Moreover, as is apparent from the present disclosure, mimetopes of the subject peptides can be provided. Such peptidomimetics can have such attributes as being non-hydrolyzable (e.g., increased stability against proteases or other physiological conditions which degrade the corresponding peptide), increased specificity and/or potency, and increased cell permeability for intracellular localization of the peptidomimetic.

Peptides of the present disclosure may be developed using a biological expression system. The use of these systems allows the production of large libraries of random peptide sequences and the screening of these libraries for peptide sequences that bind to particular proteins. Libraries may be produced by cloning synthetic DNA that encodes random peptide sequences into appropriate expression vectors.

The peptides and chimeric proteins of the invention may be converted into pharmaceutical salts by reacting with inorganic acids such as hydrochloric acid, sulfuric acid, hydrobromic acid, phosphoric acid, etc., or organic acids such as formic acid, acetic acid, propionic acid, glycolic acid, lactic acid, pyruvic acid, oxalic acid, succinic acid, malic acid, tartaric acid, citric acid, benzoic acid, salicylic acid, benezenesulfonic acid, and toluenesulfonic acids.

Antibodies and peptides may be modified using ordinary molecular biological techniques to improve their resistance to proteolytic degradation or to optimize solubility properties or to render them more suitable as a therapeutic agent. Analogs of such polypeptides include those containing residues other than naturally occurring L-amino acids, e.g., D-amino acids or non-naturally occurring synthetic amino acids. The polypeptides useful in the present disclosure may further be conjugated to non-amino acid moieties that are useful in their application. In particular, moieties that improve the stability, biological half-life, water solubility, and immunologic characteristics of the peptide are useful. A non-limiting example of such a moiety is polyethylene glycol (PEG).

C. Antibodies

The present disclosure also contemplates a modulator of a miRNA comprising an antibody, or antibody fragment, specific for at least one miRNA associated with a liver and/or liver-associated disease. In one embodiment, the antibody can activate one or more miRNAs to treat or prevent the liver and/or liver-associated disease. In other embodiments, the antibody can downregulate other miRNAs such that the expression and/or activity of a desired miRNA (e.g., miR-375) can be enhanced to treat and/or prevent a liver and/or liver-associated disease.

Methods of making and using antibodies are well known in the art. For example, polyclonal antibodies useful in the present disclosure are generated by immunizing rabbits according to standard immunological techniques well-known in the art (see, e.g., Greenfield et al., 2014, Antibodies, A Laboratory Manual, Cold Spring Harbor, N.Y.). Such techniques include immunizing an animal with a chimeric molecule comprising a portion of another molecule such as a maltose binding protein or glutathione (GSH) tag polypeptide portion, and/or a moiety such that the RNA antigen of interest is rendered immunogenic (e.g., an antigen of interest conjugated with keyhole limpet hemocyanin, KLH) and a portion comprising the respective antigenic protein amino acid residues. The chimeric proteins are produced by cloning the appropriate nucleic acids encoding the marker protein into a plasmid vector suitable for this purpose, such as but not limited to, pMAL-2 or pCMX.

One skilled in the art would appreciate, based upon the disclosure provided herein, that the antibody can specifically bind with any portion of the antigen and the full-length miRNA can be used to generate antibodies specific therefor. However, the present disclosure is not limited to using the full-length protein as an immunogen. Rather, the present disclosure includes using an immunogenic portion of the protein to produce an antibody that specifically binds with a specific antigen. That is, the present disclosure includes immunizing an animal using an immunogenic portion, or antigenic determinant, of the antigen.

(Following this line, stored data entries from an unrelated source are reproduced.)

lemma child_of_node_height_Suc:
  fixes G :: "('n::finite \<times> 'n) set"
  assumes ac: "acyclic G" and "node_height G j = Suc m"
  obtains i where "(j, i) \<in> G" "node_height G i = m"
proof -
  obtain p where p: "p 0 = j" "\<forall>k<Suc m. (p k, p (Suc k)) \<in> G" "is_leaf G (p (Suc m))"
    using path_to_leaf_node_height[OF ac, of j] \<open>node_height G j = Suc m\<close> unfolding path_to_leaf_def by auto
  then have edge: "(j, p 1) \<in> G" by auto
  have "path_to_leaf G (p 1) m"
    unfolding path_to_leaf_def using p by (intro exI[of _ "\<lambda>k. p (Suc k)"]) auto
  then have "m \<le> node_height G (p 1)" by (rule path_to_leaf_le_node_height[OF ac])
  moreover have "node_height G (p 1) < Suc m"
    using node_height_less_parent[OF ac edge] \<open>node_height G j = Suc m\<close> by simp
  ultimately show ?thesis using edge that by simp
qed

section \<open>Determinants and rank-preserving permutations\<close>

lemma det_eq_1_if_ranked_unitriangular:
  fixes A :: "real^'n::finite^'n" and r :: "'n \<Rightarrow> nat"
  assumes diag: "\<And>i. A $ i $ i = 1"
    and off_diag: "\<And>i j. i \<noteq> j \<Longrightarrow> A $ i $ j \<noteq> 0 \<Longrightarrow> r i < r j"
  shows "det A = 1"
proof -
  let ?term = "\<lambda>p. of_int (sign p) * (\<Prod>i\<in>UNIV. A $ i $ p i)"
  have zero: "?term p = 0" if p: "p \<in> {p. p permutes UNIV} - {id}" for p
  proof (rule ccontr)
    assume "?term p \<noteq> 0"
    then have nonzero: "A $ i $ p i \<noteq> 0" for i by (auto simp: prod_zero_iff)
    have le: "r i \<le> r (p i)" for i
      using off_diag[OF _ nonzero[of i]] by (metis less_imp_le order_refl)
    obtain i where "i \<noteq> p i" using p by (metis DiffE fun_eq_iff id_apply singletonI)
    then have "r i < r (p i)" using off_diag[OF _ nonzero] by blast
    then have "(\<Sum>i\<in>UNIV. r i) < (\<Sum>i\<in>UNIV. r (p i))"
      using le by (intro sum_strict_mono_ex1) auto
    moreover have "(\<Sum>i\<in>UNIV. r (p i)) = (\<Sum>i\<in>UNIV. r i)"
      using p by (intro sum.reindex_bij_betw permutes_imp_bij) simp
    ultimately show False by simp
  qed
  have "(\<Sum>p\<in>{p. p permutes UNIV} - {id}. ?term p) = 0"
    using zero by (intro sum.neutral) blast
  moreover have "det A = ?term id + (\<Sum>p\<in>{p. p permutes UNIV} - {id}. ?term p)"
    unfolding det_def by (intro sum.remove) (simp_all add: permutes_id finite_permutations)
  ultimately show ?thesis by (simp add: diag)
qed

lemma det_reindex:
  fixes M :: "'a::comm_ring_1^'n::finite^'n" and h :: "'m::finite \<Rightarrow> 'n"
  assumes "bij h"
  shows "det (\<chi> i j. M $ h i $ h j) = det M"
  unfolding det_def
proof (rule sum.reindex_bij_witness[where i="\<lambda>q. inv h \<circ> q \<circ> h" and j="\<lambda>p. h \<circ> p \<circ> inv h"])
  have conj_permutes: "g \<circ> p \<circ> inv g permutes UNIV" if "p permutes UNIV" "bij g" for p and g :: "'x \<Rightarrow> 'y"
    using that by (intro bij_imp_permutes) (auto intro: bij_comp bij_imp_bij_inv permutes_bij)
  have "bij (inv h)" using assms by (rule bij_imp_bij_inv)
  then show "q \<in> {q. q permutes UNIV} \<Longrightarrow> inv h \<circ> q \<circ> h \<in> {p. p permutes UNIV}" for q
    using conj_permutes[of q "inv h"] assms by (simp add: inv_inv_eq)
  show "p \<in> {p. p permutes UNIV} \<Longrightarrow> h \<circ> p \<circ> inv h \<in> {q. q permutes UNIV}" for p
    using conj_permutes assms by blast
  show "inv h \<circ> (h \<circ> p \<circ> inv h) \<circ> h = p" for p
    using assms by (simp add: fun_eq_iff bij_is_inj)
  show "h \<circ> (inv h \<circ> q \<circ> h) \<circ> inv h = q" for q
    using assms by (simp add: fun_eq_iff bij_is_inj bij_is_surj surj_f_inv_f)
  fix p :: "'m \<Rightarrow> 'm" assume p: "p \<in> {p. p permutes UNIV}"
  have "map_permutation UNIV h p = h \<circ> p \<circ> inv h"
    using assms by (auto simp: map_permutation_def restrict_id_def bij_is_surj)
  then have "sign (h \<circ> p \<circ> inv h) = sign p"
    using sign_map_permutation[of h UNIV p] p assms by (simp add: bij_is_inj)
  moreover have "(\<Prod>j\<in>UNIV. M $ j $ (h \<circ> p \<circ> inv h) j) = (\<Prod>i\<in>UNIV. M $ h i $ h (p i))"
  proof -
    have "(\<Prod>i\<in>UNIV. M $ h i $ h (p i)) = (\<Prod>i\<in>UNIV. M $ h i $ (h \<circ> p \<circ> inv h) (h i))"
      using assms by (simp add: bij_is_inj)
    also have "\<dots> = (\<Prod>j\<in>UNIV. M $ j $ (h \<circ> p \<circ> inv h) j)"
      using prod.reindex_bij_betw[of h UNIV UNIV "\<lambda>j. M $ j $ (h \<circ> p \<circ> inv h) j"] assms by simp
    finally show ?thesis ..
  qed
  ultimately show "of_int (sign (h \<circ> p \<circ> inv h)) * (\<Prod>j\<in>UNIV. M $ j $ (h \<circ> p \<circ> inv h) j)
      = of_int (sign p) * (\<Prod>i\<in>UNIV. (\<chi> i j. M $ h i $ h j) $ i $ p i)"
    by simp
qed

Once armed with the sequence of a specific antigen of interest and the detailed analysis localizing the various conserved and non-conserved domains of the miRNA, the skilled artisan would understand, based upon the disclosure provided herein, how to obtain antibodies specific for the various portions of the antigen using methods well-known in the art or to be developed.

The skilled artisan would appreciate, based upon the disclosure provided herein, that the present disclosure includes use of a single antibody recognizing a single antigenic epitope but that the disclosure is not limited to use of a single antibody. Instead, the disclosure encompasses use of at least one antibody where the antibodies can be directed to the same or different antigenic protein epitopes.

The generation of polyclonal antibodies is accomplished by inoculating the desired animal with the antigen and isolating antibodies which specifically bind the antigen therefrom using standard antibody production methods.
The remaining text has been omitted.